Notre esprit la reçoit à son premier réveil,
Comme les dons d’en haut, la vie et le soleil ;
Comme le lait de l’âme, en ouvrant la paupière,
Elle a coulé pour nous, des lèvres d’une mère ;
Elle a pénétré l’homme en sa tendre saison ;
Son flambeau dans les cœurs précéda la raison.
L’enfant, en essayant sa première parole,
Balbutie au berceau son sublime symbole,
Et, sous l’œil maternel germant à son insu,
Il la sent dans son cœur croître avec la vertu.
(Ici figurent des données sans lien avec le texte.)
lemma kraus_family_carrier:
  "(\<And>i j. i < a \<Longrightarrow> j < b \<Longrightarrow> K i j \<in> carrier_mat n n) \<Longrightarrow>
   \<forall>M\<in>set (kraus_family a b K). M \<in> carrier_mat n n"
  unfolding kraus_family_def by auto

lemma kraus_family_nonempty: "0 < a \<Longrightarrow> 0 < b \<Longrightarrow> kraus_family a b K \<noteq> []"
  by (simp add: kraus_family_def flip: length_greater_0_conv)

lemma kraus_tp_family_iff:
  "kraus_tp n (kraus_family a b K) \<longleftrightarrow> (\<forall>c<n. \<forall>d<n.
     (\<Sum>i<a. \<Sum>j<b. \<Sum>x<n. cnj (K i j $$ (x,d)) * K i j $$ (x,c)) = (if d = c then 1 else 0))"
  unfolding kraus_tp_def
  by (simp only: sum_kraus_family[where F = "\<lambda>M. \<Sum>x<n. cnj (M $$ (x,d)) * M $$ (x,c)" for c d])

lemma kraus_unital_family_iff:
  "kraus_unital n (kraus_family a b K) \<longleftrightarrow> (\<forall>x<n. \<forall>y<n.
     (\<Sum>i<a. \<Sum>j<b. \<Sum>z<n. K i j $$ (x,z) * cnj (K i j $$ (y,z))) = (if x = y then 1 else 0))"
  unfolding kraus_unital_def
  by (simp only: sum_kraus_family[where F = "\<lambda>M. \<Sum>z<n. M $$ (x,z) * cnj (M $$ (y,z))" for x y])

lemma kraus_apply_family_index:
  assumes "\<And>i j. i < a \<Longrightarrow> j < b \<Longrightarrow> K i j \<in> carrier_mat n n" "\<rho> \<in> carrier_mat n n" "x < n" "y < n"
  shows "kraus_apply (kraus_family a b K) \<rho> $$ (x,y) =
    (\<Sum>i<a. \<Sum>j<b. \<Sum>c<n. \<Sum>d<n. K i j $$ (x,c) * \<rho> $$ (c,d) * cnj (K i j $$ (y,d)))"
  using kraus_apply_index[OF kraus_family_carrier[OF assms(1)] assms(2-4)]
  by (simp only: sum_kraus_family[where
        F = "\<lambda>M. \<Sum>c<n. \<Sum>d<n. M $$ (x,c) * \<rho> $$ (c,d) * cnj (M $$ (y,d))"])

context
  fixes n :: nat and Ks :: "complex mat list" and \<rho> :: "complex mat"
  assumes Ks: "\<forall>K\<in>set Ks. K \<in> carrier_mat n n" and \<rho>: "\<rho> \<in> carrier_mat n n"
begin

lemma kraus_apply_hermitian:
  assumes herm: "\<And>i j. i < n \<Longrightarrow> j < n \<Longrightarrow> cnj (\<rho> $$ (j,i)) = \<rho> $$ (i,j)" and xy: "x < n" "y < n"
  shows "cnj (kraus_apply Ks \<rho> $$ (y,x)) = kraus_apply Ks \<rho> $$ (x,y)"
proof -
  have "cnj (\<Sum>c<n. \<Sum>d<n. Ks!l $$ (y,c) * \<rho> $$ (c,d) * cnj (Ks!l $$ (x,d)))
      = (\<Sum>d<n. \<Sum>c<n. Ks!l $$ (x,d) * \<rho> $$ (d,c) * cnj (Ks!l $$ (y,c)))" for l
    using herm by (subst sum.swap) (auto simp: cnj_sum mult_ac intro!: sum.cong)
  then show ?thesis
    using xy by (simp add: kraus_apply_index[OF Ks \<rho>] cnj_sum)
qed

lemma qform_kraus_apply:
  "qform n (\<lambda>x y. kraus_apply Ks \<rho> $$ (x,y)) v =
    (\<Sum>l<length Ks. qform n (\<lambda>c d. \<rho> $$ (c,d)) (\<lambda>c. \<Sum>y<n. cnj (Ks!l $$ (y,c)) * v y))"
proof -
  have "qform n (\<lambda>x y. kraus_apply Ks \<rho> $$ (x,y)) v = qform n (\<lambda>x y. \<Sum>l<length Ks.
      \<Sum>c<n. \<Sum>d<n. Ks!l $$ (x,c) * \<rho> $$ (c,d) * cnj (Ks!l $$ (y,d))) v"
    by (rule qform_cong) (simp add: kraus_apply_index[OF Ks \<rho>])
  also have "\<dots> = (\<Sum>l<length Ks. qform n (\<lambda>x y.
      \<Sum>c<n. \<Sum>d<n. Ks!l $$ (x,c) * \<rho> $$ (c,d) * cnj (Ks!l $$ (y,d))) v)"
    by (rule qform_sum)
  finally show ?thesis by (simp only: qform_sandwich)
qed

lemma kraus_apply_trace:
  assumes tp: "kraus_tp n Ks"
  shows "(\<Sum>x<n. kraus_apply Ks \<rho> $$ (x,x)) = (\<Sum>c<n. \<rho> $$ (c,c))"
proof -
  let ?K = "\<lambda>l x c. Ks!l $$ (x,c)" and ?L = "length Ks"
  have "(\<Sum>x<n. kraus_apply Ks \<rho> $$ (x,x))
      = (\<Sum>x<n. \<Sum>l<?L. \<Sum>c<n. \<Sum>d<n. \<rho> $$ (c,d) * (cnj (?K l x d) * ?K l x c))"
    by (simp add: kraus_apply_index[OF Ks \<rho>] mult_ac)
  also have "\<dots> = (\<Sum>c<n. \<Sum>d<n. \<Sum>l<?L. \<Sum>x<n. \<rho> $$ (c,d) * (cnj (?K l x d) * ?K l x c))"
    by (subst sum.swap, subst (2) sum.swap, subst sum.swap, subst (3) sum.swap,
        subst (2) sum.swap, rule refl)
  also have "\<dots> = (\<Sum>c<n. \<Sum>d<n. \<rho> $$ (c,d) * (if d = c then 1 else 0))"
    using tp unfolding kraus_tp_def by (intro sum.cong refl) (auto simp flip: sum_distrib_left)
  finally show ?thesis by (simp add: if_distrib cong: if_cong)
qed

end

lemma kraus_apply_density:
  assumes Ks: "\<forall>K\<in>set Ks. K \<in> carrier_mat n n" and tp: "kraus_tp n Ks" and \<rho>: "density n \<rho>"
  shows "density n (kraus_apply Ks \<rho>)"
proof -
  have \<rho>_carrier: "\<rho> \<in> carrier_mat n n" and \<rho>_psd: "psd n (\<lambda>i j. \<rho> $$ (i,j))"
    using \<rho> by (auto simp: density_iff_psd)
  then have "0 \<le> Re (qform n (\<lambda>x y. kraus_apply Ks \<rho> $$ (x,y)) v)" for v
    unfolding qform_kraus_apply[OF Ks \<rho>_carrier] psd_def by (simp add: sum_nonneg)
  then show ?thesis
    using \<rho>_psd kraus_apply_carrier[OF Ks \<rho>_carrier] kraus_apply_hermitian[OF Ks \<rho>_carrier]
      kraus_apply_trace[OF Ks \<rho>_carrier tp] density_trace[OF \<rho>]
    unfolding density_iff_psd psd_def by auto
qed

lemma Re_mult_cnj: "Re (a * r * cnj a) = (cmod a)\<^sup>2 * Re r"
proof -
  have "(cmod a)\<^sup>2 = (Re a)\<^sup>2 + (Im a)\<^sup>2" by (rule cmod_power2)
  then show ?thesis by (simp add: algebra_simps power2_eq_square)
qed

text \<open>By unitality every output diagonal entry is a convex combination of the diagonal entries of
  a diagonal input.\<close>
lemma kraus_apply_diag_le:
  assumes Ks: "\<forall>K\<in>set Ks. K \<in> carrier_mat n n" and unital: "kraus_unital n Ks"
    and \<rho>: "\<rho> \<in> carrier_mat n n" and diag: "\<And>c d. c < n \<Longrightarrow> d < n \<Longrightarrow> c \<noteq> d \<Longrightarrow> \<rho> $$ (c,d) = 0"
    and bound: "\<And>c. c < n \<Longrightarrow> Re (\<rho> $$ (c,c)) \<le> l" and x: "x < n"
  shows "Re (kraus_apply Ks \<rho> $$ (x,x)) \<le> l"
proof -
  let ?K = "\<lambda>k c. Ks!k $$ (x,c)"
  have "kraus_apply Ks \<rho> $$ (x,x) = (\<Sum>k<length Ks. \<Sum>c<n. \<Sum>d<n. ?K k c * \<rho> $$ (c,d) * cnj (?K k d))"
    using kraus_apply_index[OF Ks \<rho> x x] .
  also have "\<dots> = (\<Sum>k<length Ks. \<Sum>c<n. \<Sum>d<n. if d = c then ?K k c * \<rho> $$ (c,c) * cnj (?K k c) else 0)"
    using diag by (intro sum.cong refl) auto
  also have "\<dots> = (\<Sum>k<length Ks. \<Sum>c<n. ?K k c * \<rho> $$ (c,c) * cnj (?K k c))"
    by simp
  finally have "Re (kraus_apply Ks \<rho> $$ (x,x))
      = (\<Sum>k<length Ks. \<Sum>c<n. (cmod (?K k c))\<^sup>2 * Re (\<rho> $$ (c,c)))"
    by (simp only: Re_sum Re_mult_cnj)
  also have "\<dots> \<le> (\<Sum>k<length Ks. \<Sum>c<n. (cmod (?K k c))\<^sup>2 * l)"
    using bound by (intro sum_mono mult_left_mono) auto
  also have "\<dots> = l * Re (\<Sum>k<length Ks. \<Sum>c<n. ?K k c * cnj (?K k c))"
    by (simp add: Re_sum sum_distrib_left complex_mult_cnj cmod_power2 mult.commute)
  also have "\<dots> = l" using unital x unfolding kraus_unital_def by auto
  finally show ?thesis .
qed

lemma cadj_one [simp]: "cadj (1\<^sub>m n) = 1\<^sub>m n"
  by (auto simp: cadj_def)

lemma kraus_apply_one: "\<rho> \<in> carrier_mat n n \<Longrightarrow> kraus_apply [1\<^sub>m n] \<rho> = \<rho>"
  by (simp add: kraus_apply_def)

lemma unital_cptp_one: "unital_cptp n (kraus_apply [1\<^sub>m n])"
  unfolding unital_cptp_def by (intro exI[of _ "[1\<^sub>m n]"]) simp

lemma reach_subset: "X \<subseteq> Y \<Longrightarrow> X \<subseteq> Omega dW dS \<Longrightarrow> reach dW dS X Y"
  unfolding reach_def Omega_def
  using unital_cptp_one kraus_apply_one density_carrier by (metis in_mono mem_Collect_eq)

lemma ptrace_S_index: "i < dW \<Longrightarrow> j < dW \<Longrightarrow> ptrace_S dW dS \<sigma> $$ (i,j) = (\<Sum>s<dS. \<sigma> $$ (i*dS + s, j*dS + s))"
  unfolding ptrace_S_def by simp

lemma ptrace_W_index: "s < dS \<Longrightarrow> t < dS \<Longrightarrow> ptrace_W dW dS \<sigma> $$ (s,t) = (\<Sum>i<dW. \<sigma> $$ (i*dS + s, i*dS + t))"
  unfolding ptrace_W_def by simp

lemma qform_split:
  "qform (m*n) A v = (\<Sum>i<m. \<Sum>j<m. \<Sum>s<n. \<Sum>t<n. cnj (v (i*n+s)) * A (i*n+s) (j*n+t) * v (j*n+t))"
  unfolding qform_def sum_lessThan_mult by (intro sum.cong refl sum.swap)

lemma ptrace_W_density:
  assumes "density (dW*dS) \<sigma>"
  shows "density dS (ptrace_W dW dS \<sigma>)"
proof -
  have \<sigma>_psd: "psd (dW*dS) (\<lambda>x y. \<sigma> $$ (x,y))" and \<sigma>_trace: "(\<Sum>x<dW*dS. \<sigma> $$ (x,x)) = 1"
    using assms by (auto simp: density_iff_psd)
  let ?P = "ptrace_W dW dS \<sigma>"
  let ?block = "\<lambda>i s t. \<sigma> $$ (i*dS + s, i*dS + t)"
  have herm: "cnj (?P $$ (t,s)) = ?P $$ (s,t)" if "s < dS" "t < dS" for s t
    using that \<sigma>_psd mult_index_less[of _ dW _ dS] unfolding psd_def
    by (auto simp: ptrace_W_index cnj_sum intro!: sum.cong)
  have trace: "(\<Sum>s<dS. ?P $$ (s,s)) = 1"
    using \<sigma>_trace by (simp add: ptrace_W_index sum_lessThan_mult, subst sum.swap, simp)
  have pos: "0 \<le> Re (qform dS (\<lambda>s t. ?P $$ (s,t)) v)" for v
  proof -
    \<comment> \<open>the form of the i-th diagonal block of \<sigma> at v is that of \<sigma> at v placed in block i\<close>
    define w where "w i x = (if x div dS = i then v (x mod dS) else 0)" for i x
    have block: "qform (dW*dS) (\<lambda>x y. \<sigma> $$ (x,y)) (w i) = qform dS (?block i) v" if "i < dW" for i
    proof -
      have "(\<Sum>s<dS. \<Sum>t<dS. cnj (w i (i'*dS+s)) * \<sigma> $$ (i'*dS+s, j'*dS+t) * w i (j'*dS+t))
          = (if i' = i \<and> j' = i then qform dS (?block i) v else 0)" for i' j'
        unfolding w_def qform_def by (auto intro!: sum.cong)
      then show ?thesis
        unfolding qform_split using that by (simp add: sum_delta_pair)
    qed
    have "qform dS (\<lambda>s t. ?P $$ (s,t)) v = (\<Sum>s<dS. \<Sum>t<dS. \<Sum>i<dW. cnj (v s) * ?block i s t * v t)"
      unfolding qform_def by (intro sum.cong refl)
          (simp add: ptrace_W_index sum_distrib_left sum_distrib_right)
    also have "\<dots> = (\<Sum>i<dW. qform dS (?block i) v)"
      unfolding qform_def by (subst (2) sum.swap, subst sum.swap, rule refl)
    also have "\<dots> = (\<Sum>i<dW. qform (dW*dS) (\<lambda>x y. \<sigma> $$ (x,y)) (w i))"
      by (simp add: block)
    finally show ?thesis
      using \<sigma>_psd unfolding psd_def by (simp add: Re_sum sum_nonneg)
  qed
  show ?thesis
    unfolding density_iff_psd psd_def using herm trace pos by (auto simp: ptrace_W_def)
qed

definition tensor_state :: "nat \<Rightarrow> nat \<Rightarrow> nat \<Rightarrow> complex mat \<Rightarrow> complex mat" where
  "tensor_state dW dS k \<tau> = mat (dW*dS) (dW*dS) (\<lambda>(x,y).
     if x div dS = y div dS \<and> x div dS < k then \<tau> $$ (x mod dS, y mod dS) / of_nat k else 0)"

definition maximally_mixed :: "nat \<Rightarrow> complex mat" where
  "maximally_mixed n = mat n n (\<lambda>(s,t). if s = t then 1 / of_nat n else 0)"

lemma maximally_mixed_density: "0 < n \<Longrightarrow> density n (maximally_mixed n)"
proof -
  assume n: "0 < n"
  have "qform n (\<lambda>i j. maximally_mixed n $$ (i,j)) v =
      qform n (\<lambda>i j. if i = j then 1 else 0) v / of_nat n"
    for v unfolding qform_def maximally_mixed_def by (auto simp: sum_divide_distrib intro!: sum.cong)
  then have "0 \<le> Re (qform n (\<lambda>i j. maximally_mixed n $$ (i,j)) v)" for v
    by (simp add: qform_identity Re_sum complex_mult_cnj sum_nonneg divide_nonneg_nonneg)
  then show ?thesis
    using n unfolding density_iff_psd psd_def by (auto simp: maximally_mixed_def)
qed

lemma tensor_state_index:
  assumes "i < dW" "j < dW" "s < dS" "t < dS"
  shows "tensor_state dW dS k \<tau> $$ (i*dS+s, j*dS+t) =
      (if i = j \<and> i < k then \<tau> $$ (s,t) / of_nat k else 0)"
  using assms mult_index_less[of i dW s dS] mult_index_less[of j dW t dS]
  unfolding tensor_state_def by simp

context
  fixes dW dS k :: nat and \<tau> :: "complex mat"
  assumes k: "1 \<le> k" "k \<le> dW" and \<tau>: "density dS \<tau>"
begin

lemma tensor_state_density: "density (dW*dS) (tensor_state dW dS k \<tau>)"
proof -
  have \<tau>_psd: "psd dS (\<lambda>s t. \<tau> $$ (s,t))" and \<tau>_trace: "(\<Sum>s<dS. \<tau> $$ (s,s)) = 1"
    using \<tau> by (auto simp: density_iff_psd)
  let ?T = "tensor_state dW dS k \<tau>"
  have herm: "cnj (?T $$ (y,x)) = ?T $$ (x,y)" if "x < dW*dS" "y < dW*dS" for x y
    using that \<tau>_psd unfolding tensor_state_def psd_def
    by (cases "dS = 0") auto
  have trace: "(\<Sum>x<dW*dS. ?T $$ (x,x)) = 1"
  proof -
    have "(\<Sum>x<dW*dS. ?T $$ (x,x)) = (\<Sum>i<dW. if i < k then (\<Sum>s<dS. \<tau> $$ (s,s) / of_nat k) else 0)"
      by (simp add: sum_lessThan_mult tensor_state_index sum_if_const_cond)
    then show ?thesis using k \<tau>_trace by (simp add: sum_lessThan_if_less flip: sum_divide_distrib)
  qed
  have pos: "0 \<le> Re (qform (dW*dS) (\<lambda>x y. ?T $$ (x,y)) v)" for v
  proof -
    have "(\<Sum>s<dS. \<Sum>t<dS. cnj (v (i*dS+s)) * ?T $$ (i*dS+s, j*dS+t) * v (j*dS+t))
       = (if j = i then (if i < k then qform dS (\<lambda>s t. \<tau> $$ (s,t)) (\<lambda>s. v (i*dS+s)) / of_nat k else 0)
          else 0)"
      if "i < dW" "j < dW" for i j
      using that by (simp add: qform_def tensor_state_index sum_divide_distrib)
    then have "qform (dW*dS) (\<lambda>x y. ?T $$ (x,y)) v
       = (\<Sum>i<dW. if i < k then qform dS (\<lambda>s t. \<tau> $$ (s,t)) (\<lambda>s. v (i*dS+s)) / of_nat k else 0)"
      unfolding qform_split by simp
    then show ?thesis
      using \<tau>_psd unfolding psd_def by (auto simp: Re_sum intro!: sum_nonneg)
  qed
  show ?thesis
    unfolding density_iff_psd psd_def using herm trace pos by (auto simp: tensor_state_def)
qed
Ah ! si la vérité fut faite pour la terre,
Sans doute elle a reçu ce simple caractère ;
Sans doute dès l’enfance offerte à nos regards,
Dans l’esprit par les sens entrant de toutes parts,
Comme les purs rayons de la céleste flamme
Elle a dû dès l’aurore environner notre âme,
De l’esprit par l’amour descendre dans les cœurs,
S’unir au souvenir, se fondre dans les mœurs ;
Ainsi qu’un grain fécond que l’hiver couvre encore ;
Dans notre sein long-temps germer avant d’éclore,
Et quand l’homme a passé son orageux été,
Donner son fruit divin pour l’immortalité.
Soleil mystérieux ! flambeau d’une autre sphère,
Prête à mes yeux mourants ta mystique lumière !
Pars du sein du Très-Haut, rayon consolateur !
Astre vivifiant, lève-toi dans mon cœur !
Hélas ! je n’ai que toi ; dans mes heures funèbres,
Ma raison qui pâlit m’abandonne aux ténèbres ;
Cette raison superbe, insuffisant flambeau,
S’éteint comme la vie aux portes du tombeau.
Viens donc la remplacer, ô céleste lumière !
Viens d’un jour sans nuage inonder ma paupière ;
Tiens-moi lieu du soleil que je ne dois plus voir,
Et brille à l’horizon comme l’astre du soir.